Kullin sez, "The publicly traded gaming company Global Gaming Factory X (GGF) has issued a press statement this morning that they will purchase the website the Pirate Bay and the company Peeralism that 'develops peerialistic solutions to transport and store data on the Internet'. According to Svenska Dagbladet, GGF will purchase the Pirate Bay for 60 MSEK [Ed: about US$7.8 million] [Ed: E.g., peanuts], out of at least half in cash, and Peeralism for 100 MSEK, out of which at least half in cash."

OK, that's weird.

Following the completion of the acquisitions, GGF intends to launch new business models that allow compensation to the content providers and copyright owners. The responsibility for, and operation of the site will be taken over by GGF in connection with closing of the transaction, which is scheduled for August 2009.

"We would like to introduce models which entail that content providers and copyright owners get paid for content that is downloaded via the site" said Hans Pandeya, CEO GGF.

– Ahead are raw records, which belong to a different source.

lemma transfer_factor_mult:
  assumes C: "C \<in> rcosets Z" and g: "g \<in> carrier G" and h: "h \<in> carrier G"
  shows "transfer_factor C (g \<otimes> h) = transfer_factor C g \<otimes> transfer_factor (C #> g) h"
  using rep_carrier[OF C] rep_carrier[OF rcosets_mult_closed[OF C g]]
    rep_carrier[OF rcosets_mult_closed[OF C, of "g \<otimes> h"]] g h
  by (simp add: transfer_factor_def coset_mult_assoc[OF rcosets_subset[OF C]] m_assoc
      inv_mult_cancel_left)

lemma transfer_factor_Z:
  assumes C: "C \<in> rcosets Z" and z: "z \<in> Z"
  shows "transfer_factor C z = z"
proof -
  have zc: "z \<in> carrier G" using z subgroup.subset[OF Z_subgroup] by blast
  obtain x where x: "x \<in> carrier G" "C = Z #> x" using C by (auto simp: RCOSETS_def)
  have "C #> z = Z #> (z \<otimes> x)"
    using x zc Z_central[OF z x(1)] coset_mult_assoc subgroup.subset[OF Z_subgroup] by simp
  also have "\<dots> = C"
    using x zc coset_mult_assoc subgroup.subset[OF Z_subgroup] subgroup.rcos_const[OF Z_subgroup is_group z]
    by (metis)
  finally have "transfer_factor C z = z \<otimes> rep C \<otimes> inv (rep C)"
    using Z_central[OF z rep_carrier[OF C]] by (simp add: transfer_factor_def)
  then show ?thesis using rep_carrier[OF C] zc by (simp add: m_assoc)
qed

"The Pirate Bay is a site that is among the top 100 most visited Internet sites in the world. However, in order to live on, The Pirate Bay requires a new business model, which satisfies the requirements and needs of all parties, content providers, broadband operators, end users, and the judiciary. Content creators and providers need to control their content and get paid for it. File sharers' need faster downloads and better quality" continues Hans Pandeya.

OK, that's kind of ominous and interesting.

Sounds more or less what the VCs who backed the original Napster were hoping for: buy the music industry's most hated, most successful enemy, then shop around to the industry and see if they'll give it a license and help it go legit. Ten years ago, the industry figured it would get a better deal by suing Napster into oblivion (they even tried to sue for the assets of the pension funds that backed the VCs that backed Napster!) and then buy it at firesale prices and run it themselves (except they ended up running it into obscurity by larding it with a bunch of junk that reflected wishful thinking about what the market would bear; meanwhile, competing rogue services took off and filled and expanded the niche Napster had occupied).

So here's the question: will Big Content learn from the Great Stupidity of 1999, or are they so emboldened by their domination of the legislative and judicial arms of the world's governments that they'll once again kill the most successful rogue operation and leave yet another niche for yet another group of even-less-cooperative rogues to fill?

Update:: Here's The Pirate Bay's Brokep on the subject:

TPB is being sold for a great bit underneath it's value if the money would be the interesting part. It's not. The interesting thing is that the right people with the right attitude and possibilities keep running the site. As all of you know, there's not been much news on the site for the past two-three years. It's the same site essentially. On the internets, stuff dies if it doesn't evolve. We don't want that to happen.

We've been working on this project for many years. It's time to invite more people into the project, in a way that is secure and safe for everybody. We need that, or the site will die. And letting TPB die is the last thing that is allowed to happen!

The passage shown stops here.